Cheng Min, Lu Xiangfeng, Huang Jianfeng, Zhang Shu, Gu Dongfeng
State Key Laboratory of Cardiovascular Disease, Fuwai Hospital, National Center for Cardiovascular Diseases, Chinese Academy of Medical Sciences and Peking Union Medical College, Beijing, China.
J Cardiovasc Electrophysiol. 2015 Jan;26(1):36-41. doi: 10.1111/jce.12539. Epub 2014 Sep 26.
Electrocardiographic PR interval prolongation is considered a benign condition, but recent studies have challenged the notion by demonstrating that prolonged PR interval is associated with an increased risk of atrial fibrillation (AF).
The purpose of this study was to perform a meta-analysis of prospective cohort studies to evaluate the evidence supporting an association of prolonged PR interval with AF incidence.
We searched the MEDLINE and EMBASE database (from inception to May 2014) supplemented by manual searches of references of relevant retrieved articles. Prospective cohort studies were included with hazard ratio (HR) of prolonged PR interval for incident AF.
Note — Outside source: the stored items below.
lemma unit_potential_contract_edge:
  assumes N: "resistor_network V E s t L" and "e \<in> E" "s e \<noteq> t e" "w (s e) \<noteq> 0"
    and g: "unit_potential V (E - {e}) s t L p (s e) g"
    and w: "unit_potential V (E - {e}) s t L (s e) (t e) w"
  shows "unit_potential (contr_map (s e) (t e) ` V) (E - {e})
           (contr_map (s e) (t e) \<circ> s) (contr_map (s e) (t e) \<circ> t) L
           (contr_map (s e) (t e) p) (s e) (\<lambda>x. g x + g (t e) / w (s e) * (w x - w (s e)))"
proof -
  let ?a = "s e" and ?b = "t e" and ?H = "E - {e}"
  let ?\<psi> = "\<lambda>x. g x + g ?b / w ?a * (w x - w ?a)"
  have "?a \<in> V" "?b \<in> V" "finite ?H" using resistor_networkD[OF N] \<open>e \<in> E\<close> by auto
  have "?\<psi> = (\<lambda>x. 1 * g x + g ?b / w ?a * w x + - (g ?b / w ?a * w ?a))"
    by (simp add: fun_eq_iff right_diff_distrib)
  then have lap: "laplacian ?H s t L ?\<psi> v
      = laplacian ?H s t L g v + g ?b / w ?a * laplacian ?H s t L w v" for v
    by (simp only: laplacian_affine)
  show ?thesis
  proof (rule unit_potential_contract[OF \<open>finite ?H\<close> \<open>?a \<noteq> ?b\<close>])
    show "?\<psi> ?a = 0" "?\<psi> ?b = 0"
      using g w \<open>w ?a \<noteq> 0\<close> unfolding unit_potential_def by auto
    show "laplacian ?H s t L ?\<psi> v = (if v = p then 1 else 0)" if "v \<in> V" "v \<noteq> ?a" "v \<noteq> ?b" for v
      using g w that unfolding lap unit_potential_def by simp
    show "laplacian ?H s t L ?\<psi> ?a + laplacian ?H s t L ?\<psi> ?b = (if p = ?a \<or> p = ?b then 1 else 0) - 1"
      using g w \<open>?a \<in> V\<close> \<open>?b \<in> V\<close> \<open>?a \<noteq> ?b\<close> unfolding lap unit_potential_def by auto
  qed
qed

lemma laplacian_pullback_contract:
  assumes "finite E" "a \<noteq> b" "a \<in> V"
    and \<psi>: "unit_potential (contr_map a b ` V) E (contr_map a b \<circ> s) (contr_map a b \<circ> t) L
            a (contr_map a b p) \<psi>"
  shows "\<And>v. v \<in> V \<Longrightarrow> v \<noteq> a \<Longrightarrow> v \<noteq> b \<Longrightarrow>
           laplacian E s t L (\<psi> \<circ> contr_map a b) v = - (if v = p then 1 else 0)"
    and "laplacian E s t L (\<psi> \<circ> contr_map a b) a + laplacian E s t L (\<psi> \<circ> contr_map a b) b
           = 1 - (if p = a \<or> p = b then 1 else 0)"
proof -
  let ?c = "contr_map a b"
  have \<psi>_lap: "laplacian E (?c \<circ> s) (?c \<circ> t) L \<psi> v
      = (if v = a then 1 else 0) - (if v = ?c p then 1 else 0)" if "v \<in> ?c ` V" for v
    using \<psi> that unfolding unit_potential_def by blast
  show "laplacian E s t L (\<psi> \<circ> ?c) v = - (if v = p then 1 else 0)" if "v \<in> V" "v \<noteq> a" "v \<noteq> b" for v
  proof -
    have "?c v = v" "v = ?c p \<longleftrightarrow> v = p" using that by (auto simp: contr_map_def)
    then have "v \<in> ?c ` V" using \<open>v \<in> V\<close> by (metis image_eqI)
    with \<psi>_lap laplacian_contract[OF assms(1,2) \<open>v \<noteq> b\<close>, of s t L \<psi>] that(2) \<open>v = ?c p \<longleftrightarrow> v = p\<close>
    show ?thesis by simp
  qed
  have "?c a = a" "a = ?c p \<longleftrightarrow> p = a \<or> p = b" by (auto simp: contr_map_def)
  then have "a \<in> ?c ` V" using \<open>a \<in> V\<close> by (metis image_eqI)
  with \<psi>_lap laplacian_contract[OF assms(1,2,2), of s t L \<psi>] \<open>a = ?c p \<longleftrightarrow> p = a \<or> p = b\<close>
  show "laplacian E s t L (\<psi> \<circ> ?c) a + laplacian E s t L (\<psi> \<circ> ?c) b = 1 - (if p = a \<or> p = b then 1 else 0)"
    by simp
qed

text \<open>When \<open>a\<close> and \<open>b\<close> lie in complementary parts \<open>X\<close>, \<open>V - X\<close> that no edge joins, the unit
  current arriving at the glued vertex must all flow through the end \<open>y\<^sub>0\<close> on the side of \<open>p\<close>.\<close>
lemma unit_potential_pullback_contract:
  assumes N: "resistor_network V E s t L" and "a \<noteq> b"
    and X: "X \<subseteq> V" "\<And>e. e \<in> E \<Longrightarrow> s e \<in> X \<longleftrightarrow> t e \<in> X"
    and ends: "x\<^sub>0 \<in> X" "y\<^sub>0 \<in> V - X" "{x\<^sub>0, y\<^sub>0} = {a, b}" and p: "p \<in> V - X"
    and \<psi>: "unit_potential (contr_map a b ` V) E (contr_map a b \<circ> s) (contr_map a b \<circ> t) L
            a (contr_map a b p) \<psi>"
  shows "unit_potential V E s t L y\<^sub>0 p (\<psi> \<circ> contr_map a b)"
proof -
  let ?lap = "laplacian E s t L (\<psi> \<circ> contr_map a b)"
  have "a \<in> V" using ends X(1) by auto
  note pullback = laplacian_pullback_contract[OF resistor_networkD(2)[OF N] \<open>a \<noteq> b\<close> \<open>a \<in> V\<close> \<psi>]
  have "?lap x\<^sub>0 + (\<Sum>v\<in>X - {x\<^sub>0}. ?lap v) = 0"
    using laplacian_sum_closed[OF N X] ends finite_subset[OF X(1) resistor_networkD(1)[OF N]]
    by (simp add: sum.remove)
  moreover have "?lap v = 0" if "v \<in> X - {x\<^sub>0}" for v
  proof -
    have "v \<in> V" "v \<noteq> a" "v \<noteq> b" "v \<noteq> p"
      using that ends X(1) p by (auto simp: doubleton_eq_iff)
    then show ?thesis using pullback(1) by simp
  qed
  ultimately have at_x\<^sub>0: "?lap x\<^sub>0 = 0" by simp
  have "x\<^sub>0 \<noteq> y\<^sub>0" "?lap x\<^sub>0 + ?lap y\<^sub>0 = ?lap a + ?lap b" "p = a \<or> p = b \<longleftrightarrow> p = y\<^sub>0"
    using ends p by (auto simp: doubleton_eq_iff)
  with pullback(2) at_x\<^sub>0 have at_y\<^sub>0: "?lap y\<^sub>0 = 1 - (if p = y\<^sub>0 then 1 else 0)" by simp
  show ?thesis
    unfolding unit_potential_def
  proof (intro conjI ballI)
    show "(\<psi> \<circ> contr_map a b) p = 0" using \<psi> unfolding unit_potential_def by simp
    fix v assume "v \<in> V"
    consider "v = x\<^sub>0" | "v = y\<^sub>0" | "v \<noteq> a" "v \<noteq> b" "v \<noteq> y\<^sub>0"
      using ends by (auto simp: doubleton_eq_iff)
    then show "?lap v = (if v = y\<^sub>0 then 1 else 0) - (if v = p then 1 else 0)"
      using at_x\<^sub>0 at_y\<^sub>0 \<open>x\<^sub>0 \<noteq> y\<^sub>0\<close> ends p pullback(1)[OF \<open>v \<in> V\<close>] by cases auto
  qed
qed

subsection \<open>Effective resistances at the ends of an edge\<close>

lemma eff_res_insert_edge:
  assumes N: "resistor_network V E s t L" and C: "graph_connected V (E - {e}) s t"
    and "e \<in> E" "x \<in> V" "p \<in> V"
    and w: "unit_potential V (E - {e}) s t L (s e) (t e) w"
  shows "eff_res V E s t L x p = eff_res V (E - {e}) s t L x p - (w x - w p)\<^sup>2 / (L e + w (s e))"
proof -
  have NH: "resistor_network V (E - {e}) s t L" by (rule resistor_network_subset[OF N]) blast
  have CG: "graph_connected V E s t" by (rule graph_connected_mono[OF C]) blast
  have ends: "s e \<in> V" "t e \<in> V" "L e > 0" using resistor_networkD[OF N] \<open>e \<in> E\<close> by auto
  obtain u where u: "unit_potential V (E - {e}) s t L x p u"
    using unit_potential_exists[OF NH C \<open>x \<in> V\<close> \<open>p \<in> V\<close>] by blast
  have "w (s e) \<ge> 0" using unit_potential_source_nonneg[OF NH ends(1,2) w] .
  from unit_potential_insert_edge[OF resistor_networkD(2)[OF N] \<open>e \<in> E\<close> ends(3) this u w]
  have "eff_res V E s t L x p = u x - (u (s e) - u (t e)) / (L e + w (s e)) * (w x - w p)"
    by (rule eff_res_eq[OF N CG \<open>x \<in> V\<close> \<open>p \<in> V\<close>])
  moreover have "u (s e) - u (t e) = w x - w p"
    using unit_potential_reciprocity[OF NH \<open>x \<in> V\<close> \<open>p \<in> V\<close> ends(1,2) u w] by simp
  moreover have "eff_res V (E - {e}) s t L x p = u x"
    by (rule eff_res_eq[OF NH C \<open>x \<in> V\<close> \<open>p \<in> V\<close> u])
  ultimately show ?thesis by (simp add: power2_eq_square)
qed

lemma eff_res_other_end:
  assumes N: "resistor_network V E s t L" and C: "graph_connected V E s t"
    and "a \<in> V" "b \<in> V" "p \<in> V" and w: "unit_potential V E s t L a b w"
  shows "eff_res V E s t L b p = eff_res V E s t L a p - w a + 2 * w p"
proof -
  obtain u where u: "unit_potential V E s t L a p u"
    using unit_potential_exists[OF N C \<open>a \<in> V\<close> \<open>p \<in> V\<close>] by blast
  obtain u' where u': "unit_potential V E s t L b p u'"
    using unit_potential_exists[OF N C \<open>b \<in> V\<close> \<open>p \<in> V\<close>] by blast
  have "w a - w p = u a - u b"
    using unit_potential_reciprocity[OF N assms(3,5,3,4) u w] .
  moreover have "w b - w p = u' a - u' b"
    using unit_potential_reciprocity[OF N assms(4,5,3,4) u' w] .
  moreover have "u b - u p = u' a - u' p"
    using unit_potential_reciprocity[OF N assms(4,5,3,5) u' u] .
  moreover have "eff_res V E s t L a p = u a" "eff_res V E s t L b p = u' b"
    using eff_res_eq[OF N C _ \<open>p \<in> V\<close>] u u' assms(3,4) by blast+
  ultimately show ?thesis using u u' w unfolding unit_potential_def by simp
qed

lemma eff_res_contract_edge:
  assumes N: "resistor_network V E s t L" and C: "graph_connected V (E - {e}) s t"
    and "e \<in> E" "s e \<noteq> t e" "p \<in> V"
    and w: "unit_potential V (E - {e}) s t L (s e) (t e) w"
  defines "c \<equiv> contr_map (s e) (t e)"
  shows "eff_res (c ` V) (E - {e}) (c \<circ> s) (c \<circ> t) L (c p) (s e)
       = eff_res V (E - {e}) s t L (s e) p - (w (s e) - w p)\<^sup>2 / w (s e)"
proof -
  let ?a = "s e" and ?b = "t e" and ?H = "E - {e}"
  have NH: "resistor_network V ?H s t L" by (rule resistor_network_subset[OF N]) blast
  have ends: "?a \<in> V" "?b \<in> V" using resistor_networkD[OF N] \<open>e \<in> E\<close> by auto
  obtain g where g: "unit_potential V ?H s t L p ?a g"
    using unit_potential_exists[OF NH C \<open>p \<in> V\<close> ends(1)] by blast
  have "w ?a > 0" by (rule unit_potential_source_pos[OF NH ends \<open>?a \<noteq> ?b\<close> w])
  then have \<psi>: "unit_potential (c ` V) ?H (c \<circ> s) (c \<circ> t) L (c p) ?a
                 (\<lambda>x. g x + g ?b / w ?a * (w x - w ?a))"
    unfolding c_def by (intro unit_potential_contract_edge[OF N \<open>e \<in> E\<close> \<open>?a \<noteq> ?b\<close> _ g w]) simp
  have images: "?a \<in> c ` V" "c p \<in> c ` V"
    using ends \<open>p \<in> V\<close> image_eqI[of ?a c ?a V] unfolding c_def contr_map_def by auto
  have CH: "graph_connected (c ` V) ?H (c \<circ> s) (c \<circ> t)"
    unfolding c_def by (rule graph_connected_contract[OF graph_connected_mono[OF C] \<open>e \<in> E\<close>]) blast
  have NH': "resistor_network (c ` V) ?H (c \<circ> s) (c \<circ> t) L"
    unfolding c_def by (rule resistor_network_contract[OF NH])
  have "eff_res (c ` V) ?H (c \<circ> s) (c \<circ> t) L (c p) ?a = g (c p) + g ?b / w ?a * (w (c p) - w ?a)"
    by (rule eff_res_eq[OF NH' CH images(2,1) \<psi>])
  also have "\<dots> = g p + g ?b / w ?a * (w p - w ?a)"
    using g w \<open>w ?a > 0\<close> unfolding c_def contr_map_def unit_potential_def by auto
  also have "g ?b = w ?a - w p"
    using unit_potential_reciprocity[OF NH ends \<open>p \<in> V\<close> ends(1) w g] g
    unfolding unit_potential_def by simp
  also have "g p = eff_res V ?H s t L ?a p"
    using eff_res_eq[OF NH C \<open>p \<in> V\<close> ends(1) g] eff_res_commute[OF NH C \<open>p \<in> V\<close> ends(1)] by simp
  finally have rbar: "eff_res (c ` V) ?H (c \<circ> s) (c \<circ> t) L (c p) ?a
      = eff_res V ?H s t L ?a p + (w ?a - w p) / w ?a * (w p - w ?a)" .
  show ?thesis
    unfolding rbar using \<open>w ?a > 0\<close> by (simp add: power2_eq_square field_simps)
qed
lemma card_elements_with_many_greater:
  fixes I :: "'a::linorder set"
  assumes "finite I"
  shows "card {a \<in> I. i \<le> card {b \<in> I. a < b}} = card I - i"
  using assms
proof (induction I arbitrary: i rule: finite_linorder_max_induct)
  case empty
  then show ?case by simp
next
  case (insert c I)
  have greater: "card {b \<in> insert c I. a < b} = Suc (card {b \<in> I. a < b})" if "a \<in> I" for a
  proof -
    have "{b \<in> insert c I. a < b} = insert c {b \<in> I. a < b}"
      using insert.hyps that by auto
    then show ?thesis using insert.hyps by auto
  qed
  have "{b \<in> insert c I. c < b} = {}"
    using insert.hyps by auto
  then have none_greater: "card {b \<in> insert c I. c < b} = 0"
    by (metis card.empty)
  show ?case
  proof (cases i)
    case 0
    then have "{a \<in> insert c I. i \<le> card {b \<in> insert c I. a < b}} = insert c I"
      by blast
    then show ?thesis using 0 by (simp only: diff_zero)
  next
    case (Suc j)
    then have "{a \<in> insert c I. i \<le> card {b \<in> insert c I. a < b}} = {a \<in> I. j \<le> card {b \<in> I. a < b}}"
      using greater none_greater by auto
    then show ?thesis using insert Suc by auto
  qed
qed

text \<open>\<open>R\<close> qualifies iff all its elements have at least \<open>i\<close> elements of \<open>I\<close> above them.\<close>

lemma card_subsets_with_many_greater_Max:
  fixes I :: "'a::linorder set"
  assumes "finite I" "1 \<le> m"
  shows "card {R. R \<subseteq> I \<and> card R = m \<and> i \<le> card {b \<in> I. Max R < b}} = (card I - i) choose m"
proof -
  let ?I' = "{a \<in> I. i \<le> card {b \<in> I. a < b}}"
  have "{R. R \<subseteq> I \<and> card R = m \<and> i \<le> card {b \<in> I. Max R < b}} = {R. R \<subseteq> ?I' \<and> card R = m}"
  proof (intro Collect_cong iffI)
    fix R assume R: "R \<subseteq> I \<and> card R = m \<and> i \<le> card {b \<in> I. Max R < b}"
    have "finite R" using R assms(1) finite_subset by blast
    have "R \<subseteq> ?I'"
    proof
      fix a assume "a \<in> R"
      then have "{b \<in> I. Max R < b} \<subseteq> {b \<in> I. a < b}"
        using \<open>finite R\<close> by (auto dest: Max_ge)
      then have "card {b \<in> I. Max R < b} \<le> card {b \<in> I. a < b}"
        using assms(1) by (intro card_mono) auto
      then show "a \<in> ?I'" using R \<open>a \<in> R\<close> by auto
    qed
    then show "R \<subseteq> ?I' \<and> card R = m" using R by simp
  next
    fix R assume R: "R \<subseteq> ?I' \<and> card R = m"
    then have "R \<noteq> {}" using assms(2) by auto
    moreover have "finite R" using R assms(1) finite_subset by fastforce
    ultimately have "Max R \<in> R" by simp
    then show "R \<subseteq> I \<and> card R = m \<and> i \<le> card {b \<in> I. Max R < b}" using R by auto
  qed
  then show ?thesis
    using n_subsets[of ?I' m] card_elements_with_many_greater[OF assms(1), of i] assms(1) by simp
qed

lemma max0_le:
  assumes "finite X" "\<And>x. x \<in> X \<Longrightarrow> x \<le> b" "0 \<le> b"
  shows "max0 X \<le> b"
  using assms by (simp add: max0_def)

locale event_family = prob_space M for M :: "'a measure" +
  fixes A :: "nat \<Rightarrow> 'a set" and n :: nat
  assumes events_A: "\<And>i. i \<in> {1..n} \<Longrightarrow> A i \<in> events"
begin

definition occurring :: "'a \<Rightarrow> nat set" where
  "occurring w = {i \<in> {1..n}. w \<in> A i}"

definition atom_prob :: "nat set \<Rightarrow> real" where
  "atom_prob I = prob {w \<in> space M. occurring w = I}"

lemma atom_event: "{w \<in> space M. occurring w = I} \<in> events"
proof -
  have "{w \<in> space M. occurring w = I} =
      {w \<in> space M. (\<forall>i \<in> {1..n}. w \<in> A i \<longleftrightarrow> i \<in> I) \<and> I \<subseteq> {1..n}}"
    unfolding occurring_def by auto
  also have "\<dots> \<in> events"
  proof (intro sets.sets_Collect_conj sets.sets_Collect_finite_All sets.sets_Collect_const)
    fix i assume i: "i \<in> {1..n}"
    have "{w \<in> space M. w \<in> A i \<longleftrightarrow> i \<in> I} = (if i \<in> I then A i else space M - A i)"
      using sets.sets_into_space[OF events_A[OF i]] by auto
    then show "{w \<in> space M. w \<in> A i \<longleftrightarrow> i \<in> I} \<in> events"
      using events_A[OF i] by auto
  qed simp
  finally show ?thesis .
qed

lemma prob_occurring:
  "prob {w \<in> space M. Q (occurring w)} = (\<Sum>I \<in> Pow {1..n}. of_bool (Q I) * atom_prob I)"
proof -
  have "{w \<in> space M. Q (occurring w)} = (\<Union>I \<in> {I \<in> Pow {1..n}. Q I}. {w \<in> space M. occurring w = I})"
    unfolding occurring_def by auto
  also have "prob \<dots> = (\<Sum>I \<in> {I \<in> Pow {1..n}. Q I}. atom_prob I)"
    unfolding atom_prob_def
    by (intro finite_measure_finite_Union) (auto simp: atom_event disjoint_family_on_def)
  also have "\<dots> = (\<Sum>I \<in> Pow {1..n}. of_bool (Q I) * atom_prob I)"
    by (simp add: Int_def conj_commute)
  finally show ?thesis .
qed

lemma prob_Inter_eq:
  assumes "J \<subseteq> {1..n}" "J \<noteq> {}"
  shows "prob (\<Inter>i \<in> J. A i) = (\<Sum>I \<in> Pow {1..n}. of_bool (J \<subseteq> I) * atom_prob I)"
proof -
  have "(\<Inter>i \<in> J. A i) = {w \<in> space M. J \<subseteq> occurring w}"
    using assms sets.sets_into_space[OF events_A] unfolding occurring_def by blast
  then show ?thesis by (simp add: prob_occurring)
qed

lemma prob_num_occ_ge:
  "prob {w \<in> space M. r \<le> num_occ A n w} = (\<Sum>I \<in> Pow {1..n}. of_bool (r \<le> card I) * atom_prob I)"
  using prob_occurring[of "\<lambda>I. r \<le> card I"] by (simp add: num_occ_def occurring_def)

lemma S_sum_eq:
  assumes "1 \<le> j"
  shows "S_sum M A n j = (\<Sum>I \<in> Pow {1..n}. real (card I choose j) * atom_prob I)"
proof -
  let ?Js = "{J. J \<subseteq> {1..n} \<and> card J = j}"
  have "S_sum M A n j = (\<Sum>J \<in> ?Js. \<Sum>I \<in> Pow {1..n}. of_bool (J \<subseteq> I) * atom_prob I)"
    unfolding S_sum_def using assms by (intro sum.cong refl prob_Inter_eq) auto
  also have "\<dots> = (\<Sum>I \<in> Pow {1..n}. (\<Sum>J \<in> ?Js. of_bool (J \<subseteq> I)) * atom_prob I)"
    unfolding sum_distrib_right by (rule sum.swap)
  also have "\<dots> = (\<Sum>I \<in> Pow {1..n}. real (card I choose j) * atom_prob I)"
  proof (intro sum.cong refl arg_cong2[where f = "(*)"])
    fix I assume "I \<in> Pow {1..n}"
    then have "?Js \<inter> {J. J \<subseteq> I} = {J. J \<subseteq> I \<and> card J = j}" and "finite I"
      using finite_subset by auto
    then show "(\<Sum>J \<in> ?Js. of_bool (J \<subseteq> I)) = real (card I choose j)"
      by (simp add: n_subsets)
  qed
  finally show ?thesis .
qed

lemma prob_Inter_le_atoms_above_Max:
  assumes "R \<subseteq> {1..n}" "R \<noteq> {}" "U \<in> T_set n R i"
  shows "prob (\<Inter>j \<in> R \<union> U. A j) \<le>
    (\<Sum>I \<in> Pow {1..n}. of_bool (R \<subseteq> I \<and> i \<le> card {b \<in> I. Max R < b}) * atom_prob I)"
proof -
  have U: "U \<subseteq> {Max R<..n}" "card U = i"
    using assms(3) by (auto simp: T_set_def)
  have "prob (\<Inter>j \<in> R \<union> U. A j) = (\<Sum>I \<in> Pow {1..n}. of_bool (R \<union> U \<subseteq> I) * atom_prob I)"
    using assms(1,2) U by (intro prob_Inter_eq) auto
  also have "\<dots> \<le> (\<Sum>I \<in> Pow {1..n}. of_bool (R \<subseteq> I \<and> i \<le> card {b \<in> I. Max R < b}) * atom_prob I)"
  proof (intro sum_mono mult_right_mono)
    fix I assume I: "I \<in> Pow {1..n}"
    show "of_bool (R \<union> U \<subseteq> I) \<le> (of_bool (R \<subseteq> I \<and> i \<le> card {b \<in> I. Max R < b}) :: real)"
    proof (cases "R \<union> U \<subseteq> I")
      case True
      then have "U \<subseteq> {b \<in> I. Max R < b}"
        using U by auto
      then have "i \<le> card {b \<in> I. Max R < b}"
        using I U card_mono[of "{b \<in> I. Max R < b}" U] finite_subset[of I "{1..n}"] by auto
      with True show ?thesis by simp
    qed auto
  qed (simp add: atom_prob_def)
  finally show ?thesis .
qed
The search strategy yielded 6 cohort studies meeting eligibility criteria. A total of 328,932 participants were included, with 14,191 participants suffering from AF during follow-up. Pooled HRs of prolonged PR interval for incident AF was 1.30 (95% CI: 1.13 to 1.49) using random-effect model (I(2) = 30%). There was a significant difference of combined HRs between studies with and without adjustment for taking of AV nodal blocking agents in subgroup analysis. Sensitivity analysis supported the robustness of the results.
Prolonged PR interval is not a totally benign condition but an independent risk factor for AF incidence. The mechanisms underlying the association of prolonged PR interval with AF incidence need further research.
心电图PR间期延长被认为是一种良性情况,但最近的研究对这一观点提出了质疑,表明PR间期延长与心房颤动(AF)风险增加有关。
本研究旨在对前瞻性队列研究进行荟萃分析,以评估支持PR间期延长与AF发生率之间关联的证据。
我们检索了MEDLINE和EMBASE数据库(从创建至2014年5月),并通过手工检索相关检索文章的参考文献进行补充。纳入前瞻性队列研究,计算PR间期延长对新发AF的风险比(HR)。
检索策略产生了6项符合纳入标准的队列研究。共纳入328,932名参与者,随访期间有14,191名参与者发生AF。使用随机效应模型(I² = 30%),PR间期延长对新发AF的合并HR为1.30(95%CI:1.13至1.49)。亚组分析中,在调整或未调整使用房室结阻滞剂的研究之间,合并HR存在显著差异。敏感性分析支持结果的稳健性。
PR间期延长并非完全良性情况,而是AF发生的独立危险因素。PR间期延长与AF发生之间关联的潜在机制需要进一步研究。